Friday, January 18, 2013

Mass Murder

This morning I step on the scale just to "check-in" and see where I am at. I go through my usual weigh in ritual; pee, try to more than pee, strip down and set the scale in "it's spot" on the bathroom floor because as we all very well know every ounce counts and the slightest change in location on the bathroom floor could detrimentally change the number that pops up on that scale. Then I take deep breath, exhale as much as possible and step on.

Error.

What? Is it broken? Maybe I just need to move it. Step on again, more carefully this time.

Error. 

Really?? Hmm...must be broken. Seems like an awful short life span for a scale, but maybe so. Maybe I should test it with something else....just to be sure. (Ugh sinking, nagging feeling is starting to bubble in my gut like pissed off butterflies.) Shampoo bottle.

Blank.

Shampoo and conditioner.

Turns on then blank.

Ok, maybe it isn't working and that nagging feeling is for nothing. Or perhaps those bottles just don't weigh enough to register. Hmm. Oh hell....fine. How about just part of me, like my leg.

Ding! Ding  Ding! We have a winner and a weight- which for some reason I have managed to black from my memory, but it was obviously more than a shampoo bottle, less than my full body and enough to register on the scale proving it is not only working, but that I also have managed to outweigh my scale. 

Freakin' awesome!

How in the....? Why the...? How did I.....? Well no. How is easy stupid munch mouth. What have I freakin' DONE?!?!? 

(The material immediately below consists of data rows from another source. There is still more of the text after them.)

(* Let $(u_n)\subset X$ with $u_n\rightharpoonup u$ weakly in $X$. Then $\lim_{n\to\infty}\int_{\mathbb{R}^N}\int_{\mathbb{R}^N}\ln(1+|x-y|)|u_n(x)|^p|u(y)|^{p-2}u(y)(u_n(y)-u(y))\,dxdy=0$.
   Context: $s\in(0,1)$, $p>2$, $N=sp$; $W^{s,p}(\mathbb{R}^N)$ is the fractional Sobolev space with norm $\|u\|=([u]_{s,p}^p+\|u\|_p^p)^{1/p}$; $X=\{u\in W^{s,p}(\mathbb{R}^N):\int\ln(1+|x|)|u|^pdx<\infty\}$, a reflexive Banach space with norm $\|u\|_X=(\|u\|^p+\int\ln(1+|x|)|u|^pdx)^{1/p}$. *)

theory Defs
  imports "HOL-Analysis.Analysis"
begin

definition gagliardo_pow :: "real \<Rightarrow> real \<Rightarrow> ('a::euclidean_space \<Rightarrow> real) \<Rightarrow> ennreal" where
  "gagliardo_pow s p u =
     (\<integral>\<^sup>+ x. \<integral>\<^sup>+ y. ennreal (\<bar>u x - u y\<bar> powr p / norm (x - y) powr (real DIM('a) + s * p)) \<partial>lborel \<partial>lborel)"

definition Lp_pow :: "real \<Rightarrow> ('a::euclidean_space \<Rightarrow> real) \<Rightarrow> ennreal" where
  "Lp_pow p u = (\<integral>\<^sup>+ x. ennreal (\<bar>u x\<bar> powr p) \<partial>lborel)"

definition log_pow :: "real \<Rightarrow> ('a::euclidean_space \<Rightarrow> real) \<Rightarrow> ennreal" where
  "log_pow p u = (\<integral>\<^sup>+ x. ennreal (ln (1 + norm x) * \<bar>u x\<bar> powr p) \<partial>lborel)"

definition Wsp :: "real \<Rightarrow> real \<Rightarrow> ('a::euclidean_space \<Rightarrow> real) set" where
  "Wsp s p = {u. u \<in> borel_measurable lborel \<and> gagliardo_pow s p u < \<infinity> \<and> Lp_pow p u < \<infinity>}"

definition Xsp :: "real \<Rightarrow> real \<Rightarrow> ('a::euclidean_space \<Rightarrow> real) set" where
  "Xsp s p = {u \<in> Wsp s p. log_pow p u < \<infinity>}"

definition normX :: "real \<Rightarrow> real \<Rightarrow> ('a::euclidean_space \<Rightarrow> real) \<Rightarrow> real" where
  "normX s p u = (enn2real (gagliardo_pow s p u + Lp_pow p u + log_pow p u)) powr (1 / p)"

definition dualX :: "real \<Rightarrow> real \<Rightarrow> (('a::euclidean_space \<Rightarrow> real) \<Rightarrow> real) set" where
  "dualX s p = {f. (\<forall>u\<in>Xsp s p. \<forall>v\<in>Xsp s p. \<forall>a b.
                     f (\<lambda>x. a * u x + b * v x) = a * f u + b * f v)
                 \<and> (\<exists>C. \<forall>u\<in>Xsp s p. \<bar>f u\<bar> \<le> C * normX s p u)}"

definition weak_convX :: "real \<Rightarrow> real \<Rightarrow> (nat \<Rightarrow> 'a::euclidean_space \<Rightarrow> real) \<Rightarrow> ('a \<Rightarrow> real) \<Rightarrow> bool" where
  "weak_convX s p U u \<longleftrightarrow> (\<forall>n. U n \<in> Xsp s p) \<and> u \<in> Xsp s p \<and>
     (\<forall>f\<in>dualX s p. (\<lambda>n. f (U n)) \<longlonglongrightarrow> f u)"

end

theory Submission
  imports Defs
begin

(*
  Let W (log_weighted_lborel) be Lebesgue measure with density w(x) = 1 + ln (1 + |x|) (log_weight).
  The space X embeds continuously into L^p(W), so U_n converges to u weakly in L^p(W) and, by the
  uniform boundedness principle (proved below by a gliding hump), is bounded there.
  With h = |u|^(p-2) u, which lies in L^q(W), and K_n(y) = \<integral> ln (1 + |x - y|) |U_n(x)|^p dx,
  Fubini turns the double integral into \<integral> K_n h (U_n - u).  Because ln (1 + |x - y|) \<le> w(x) w(y)
  and is 1-Lipschitz in y, the K_n are bounded by C w and uniformly Lipschitz.  On a large ball they
  are therefore uniformly close to step functions, against which h (U_n - u) tends to 0 by weak
  convergence; outside the ball the contribution is small uniformly in n by Hoelder's inequality.
*)

section \<open>Lebesgue spaces of real functions\<close>

definition Lp_space :: "real \<Rightarrow> 'b measure \<Rightarrow> ('b \<Rightarrow> real) set" where
  "Lp_space p M = {v \<in> borel_measurable M. integrable M (\<lambda>x. \<bar>v x\<bar> powr p)}"

definition Lp_norm :: "real \<Rightarrow> 'b measure \<Rightarrow> ('b \<Rightarrow> real) \<Rightarrow> real" where
  "Lp_norm p M v = (\<integral>x. \<bar>v x\<bar> powr p \<partial>M) powr (1 / p)"

definition Lp_bounded_linear :: "real \<Rightarrow> 'b measure \<Rightarrow> (('b \<Rightarrow> real) \<Rightarrow> real) \<Rightarrow> bool" where
  "Lp_bounded_linear p M f \<longleftrightarrow>
     (\<forall>u\<in>Lp_space p M. \<forall>v\<in>Lp_space p M. \<forall>a b. f (\<lambda>x. a * u x + b * v x) = a * f u + b * f v) \<and>
     (\<exists>C. \<forall>v\<in>Lp_space p M. \<bar>f v\<bar> \<le> C * Lp_norm p M v)"

lemma Lp_spaceD:
  assumes "v \<in> Lp_space p M"
  shows "v \<in> borel_measurable M" "integrable M (\<lambda>x. \<bar>v x\<bar> powr p)"
  using assms unfolding Lp_space_def by auto

lemma Lp_norm_nonneg: "0 \<le> Lp_norm p M v"
  unfolding Lp_norm_def by simp

lemma Lp_norm_powr: "p > 0 \<Longrightarrow> Lp_norm p M v powr p = (\<integral>x. \<bar>v x\<bar> powr p \<partial>M)"
  unfolding Lp_norm_def by (simp add: powr_powr integral_nonneg_AE)

lemma Lp_norm_eq_0_imp_AE_zero:
  assumes "p > 0" "v \<in> Lp_space p M" "Lp_norm p M v = 0"
  shows "AE x in M. v x = 0"
proof -
  have "(\<integral>x. \<bar>v x\<bar> powr p \<partial>M) = 0"
    using Lp_norm_powr[of p M v] assms by simp
  then have "AE x in M. \<bar>v x\<bar> powr p = 0"
    using integral_nonneg_eq_0_iff_AE[OF Lp_spaceD(2)[OF assms(2)]] by simp
  then show ?thesis by eventually_elim simp
qed

lemma Lp_space_dominated:
  assumes v: "v \<in> Lp_space p M" and p: "p > 0"
    and f: "f \<in> borel_measurable M" and le: "\<And>x. \<bar>f x\<bar> \<le> \<bar>v x\<bar>"
  shows "f \<in> Lp_space p M" and "Lp_norm p M f \<le> Lp_norm p M v"
proof -
  have le_powr: "\<bar>f x\<bar> powr p \<le> \<bar>v x\<bar> powr p" for x
    using le p by (intro powr_mono2) auto
  have int: "integrable M (\<lambda>x. \<bar>f x\<bar> powr p)"
    by (rule Bochner_Integration.integrable_bound[OF Lp_spaceD(2)[OF v]]) (use f le_powr in auto)
  then show "f \<in> Lp_space p M"
    using f unfolding Lp_space_def by simp
  show "Lp_norm p M f \<le> Lp_norm p M v"
    unfolding Lp_norm_def using int Lp_spaceD[OF v] le_powr p
    by (intro powr_mono2 integral_mono integral_nonneg_AE) (auto simp: le)
qed

lemma Holder_inequality:
  fixes f g :: "'b \<Rightarrow> real"
  assumes pq: "p > 1" "q > 1" "1/p + 1/q = 1"
    and f: "f \<in> Lp_space p M" and g: "g \<in> Lp_space q M"
  shows "integrable M (\<lambda>x. f x * g x)"
    and "(\<integral>x. \<bar>f x * g x\<bar> \<partial>M) \<le> Lp_norm p M f * Lp_norm q M g"
proof -
  note [measurable] = Lp_spaceD(1)[OF f] Lp_spaceD(1)[OF g]
  have Young: "\<bar>a\<bar> * \<bar>b\<bar> \<le> \<bar>a\<bar> powr p / p + \<bar>b\<bar> powr q / q" for a b :: real
    using Youngs_inequality[OF pq] by simp
  then have Young_abs: "\<bar>a * b\<bar> \<le> \<bar>\<bar>a\<bar> powr p / p + \<bar>b\<bar> powr q / q\<bar>" for a b :: real
    by (metis abs_ge_self abs_mult order_trans)
  show int: "integrable M (\<lambda>x. f x * g x)"
    by (rule Bochner_Integration.integrable_bound[where f="\<lambda>x. \<bar>f x\<bar> powr p / p + \<bar>g x\<bar> powr q / q"])
       (use Lp_spaceD(2)[OF f] Lp_spaceD(2)[OF g] Young_abs in auto)
  define A B where "A = Lp_norm p M f" and "B = Lp_norm q M g"
  show "(\<integral>x. \<bar>f x * g x\<bar> \<partial>M) \<le> A * B"
  proof (cases "A = 0 \<or> B = 0")
    case True
    then have "AE x in M. f x = 0 \<or> g x = 0"
      using Lp_norm_eq_0_imp_AE_zero[OF _ f] Lp_norm_eq_0_imp_AE_zero[OF _ g] pq
      unfolding A_def B_def by (auto elim: AE_mp)
    then have "(\<integral>x. \<bar>f x * g x\<bar> \<partial>M) = 0"
      by (intro integral_eq_zero_AE) auto
    then show ?thesis
      by (simp add: A_def B_def Lp_norm_nonneg)
  next
    case False
    then have AB: "A > 0" "B > 0"
      using Lp_norm_nonneg unfolding A_def B_def by (auto simp: less_le)
    have pt: "\<bar>f x * g x\<bar> / (A * B) \<le> \<bar>f x\<bar> powr p / (p * A powr p) + \<bar>g x\<bar> powr q / (q * B powr q)" for x
      using Young[of "f x / A" "g x / B"] AB by (simp add: abs_mult powr_divide abs_divide mult.commute)
    have "(\<integral>x. \<bar>f x * g x\<bar> / (A * B) \<partial>M)
        \<le> (\<integral>x. \<bar>f x\<bar> powr p / (p * A powr p) + \<bar>g x\<bar> powr q / (q * B powr q) \<partial>M)"
      using int Lp_spaceD(2)[OF f] Lp_spaceD(2)[OF g] pt by (intro integral_mono) auto
    also have "\<dots> = A powr p / (p * A powr p) + B powr q / (q * B powr q)"
      using Lp_spaceD(2)[OF f] Lp_spaceD(2)[OF g] pq by (simp add: A_def B_def Lp_norm_powr)
    also have "\<dots> = 1 / p + 1 / q"
      using AB by simp
    finally show ?thesis
      using AB pq by (simp add: field_simps)
  qed
qed

lemma Holder_inequality_diff:
  assumes pq: "p > 1" "q > 1" "1/p + 1/q = 1"
    and \<xi>: "\<xi> \<in> Lp_space q M" and f: "f \<in> Lp_space p M" and g: "g \<in> Lp_space p M"
  shows "integrable M (\<lambda>x. \<xi> x * (f x - g x))"
    and "(\<integral>x. \<bar>\<xi> x * (f x - g x)\<bar> \<partial>M) \<le> Lp_norm q M \<xi> * (Lp_norm p M f + Lp_norm p M g)"
proof -
  have int_f: "integrable M (\<lambda>x. f x * \<xi> x)" and int_g: "integrable M (\<lambda>x. g x * \<xi> x)"
    using Holder_inequality(1)[OF pq f \<xi>] Holder_inequality(1)[OF pq g \<xi>] .
  then show int: "integrable M (\<lambda>x. \<xi> x * (f x - g x))"
    by (simp add: algebra_simps)
  have "(\<integral>x. \<bar>\<xi> x * (f x - g x)\<bar> \<partial>M) \<le> (\<integral>x. \<bar>f x * \<xi> x\<bar> + \<bar>g x * \<xi> x\<bar> \<partial>M)"
  proof (rule integral_mono)
    show "integrable M (\<lambda>x. \<bar>\<xi> x * (f x - g x)\<bar>)"
      using integrable_abs[OF int] .
    show "integrable M (\<lambda>x. \<bar>f x * \<xi> x\<bar> + \<bar>g x * \<xi> x\<bar>)"
      using integrable_abs[OF int_f] integrable_abs[OF int_g] by (rule Bochner_Integration.integrable_add)
    fix x
    have "\<bar>\<xi> x\<bar> * \<bar>f x - g x\<bar> \<le> \<bar>\<xi> x\<bar> * (\<bar>f x\<bar> + \<bar>g x\<bar>)"
      by (rule mult_left_mono[OF abs_triangle_ineq4 abs_ge_zero])
    moreover have "\<bar>f x * \<xi> x\<bar> + \<bar>g x * \<xi> x\<bar> = \<bar>\<xi> x\<bar> * (\<bar>f x\<bar> + \<bar>g x\<bar>)"
      by (simp add: abs_mult algebra_simps)
    ultimately show "\<bar>\<xi> x * (f x - g x)\<bar> \<le> \<bar>f x * \<xi> x\<bar> + \<bar>g x * \<xi> x\<bar>"
      by (simp only: abs_mult)
  qed
  also have "\<dots> = (\<integral>x. \<bar>f x * \<xi> x\<bar> \<partial>M) + (\<integral>x. \<bar>g x * \<xi> x\<bar> \<partial>M)"
    using int_f int_g by simp
  also have "\<dots> \<le> Lp_norm p M f * Lp_norm q M \<xi> + Lp_norm p M g * Lp_norm q M \<xi>"
    using Holder_inequality(2)[OF pq f \<xi>] Holder_inequality(2)[OF pq g \<xi>] by (rule add_mono)
  finally show "(\<integral>x. \<bar>\<xi> x * (f x - g x)\<bar> \<partial>M) \<le> Lp_norm q M \<xi> * (Lp_norm p M f + Lp_norm p M g)"
    by (simp add: algebra_simps)
qed

lemma Lp_pairing_bound:
  assumes pq: "p > 1" "q > 1" "1/p + 1/q = 1"
    and \<phi>: "\<phi> \<in> Lp_space q M" and v: "v \<in> Lp_space p M"
  shows "\<bar>\<integral>x. \<phi> x * v x \<partial>M\<bar> \<le> Lp_norm q M \<phi> * Lp_norm p M v"
proof -
  have "\<bar>\<integral>x. \<phi> x * v x \<partial>M\<bar> \<le> (\<integral>x. \<bar>\<phi> x * v x\<bar> \<partial>M)"
    by (rule integral_abs_bound)
  also have "\<dots> = (\<integral>x. \<bar>v x * \<phi> x\<bar> \<partial>M)"
    by (simp add: mult.commute)
  also have "\<dots> \<le> Lp_norm p M v * Lp_norm q M \<phi>"
    by (rule Holder_inequality(2)[OF pq v \<phi>])
  finally show ?thesis
    by (simp add: mult.commute)
qed

lemma Lp_space_signed_power:
  assumes pq: "p > 1" "q > 1" "1/p + 1/q = 1" and v: "v \<in> Lp_space p M"
  shows "\<bar>\<bar>v x\<bar> powr (p - 2) * v x\<bar> powr q = \<bar>v x\<bar> powr p"
    and "(\<lambda>x. \<bar>v x\<bar> powr (p - 2) * v x) \<in> Lp_space q M"
proof -
  have pq': "(p - 1) * q = p"
    using pq by (simp add: field_simps)
  have abs_eq: "\<bar>\<bar>v x\<bar> powr (p - 2) * v x\<bar> = \<bar>v x\<bar> powr (p - 1)" for x
  proof (cases "v x = 0")
    case False
    have "\<bar>v x\<bar> powr (p - 1) = \<bar>v x\<bar> powr ((p - 2) + 1)"
      by simp
    also have "\<dots> = \<bar>v x\<bar> powr (p - 2) * \<bar>v x\<bar> powr 1"
      by (rule powr_add)
    finally show ?thesis
      using False by (simp add: abs_mult)
  qed simp
  show pow: "\<bar>\<bar>v x\<bar> powr (p - 2) * v x\<bar> powr q = \<bar>v x\<bar> powr p" for x
    unfolding abs_eq by (simp add: powr_powr pq')
  show "(\<lambda>x. \<bar>v x\<bar> powr (p - 2) * v x) \<in> Lp_space q M"
    using Lp_spaceD[OF v] unfolding Lp_space_def by (simp add: pow)
qed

I have no idea where my weight is now, but I know it is enough to TOP OUT A FREAKING SCALE and this realization kills me. Kills my desire to try again. Kills my will to care. Kills my vision of reaching the goal. Kills what bit of pride I had in myself. Kills my self-esteem. Kills part of my happiness. I look inside and there is just so much massacre, I don't know what pieces are left and of what is left is it even worth trying to revive. 

I know I have amazing people in my corner who can help and encourage me, but truth be told I don't even want to ask. Why should I? I am like "the boy who cries wolf" for fat people. "Help! Please help! I don't think I can do this! I need encouragement and workout buddies!" They come running, because they are amazing, and then in the end I "laugh" at them as I fail to not only lose but to GAIN......AGAIN. What a waste. I feel like a total waste. I want to give in, give up and just eat my way to the end already. Screw it.

Rest in peace skinny dipper Stephanie. You were an amazing goal while you lasted.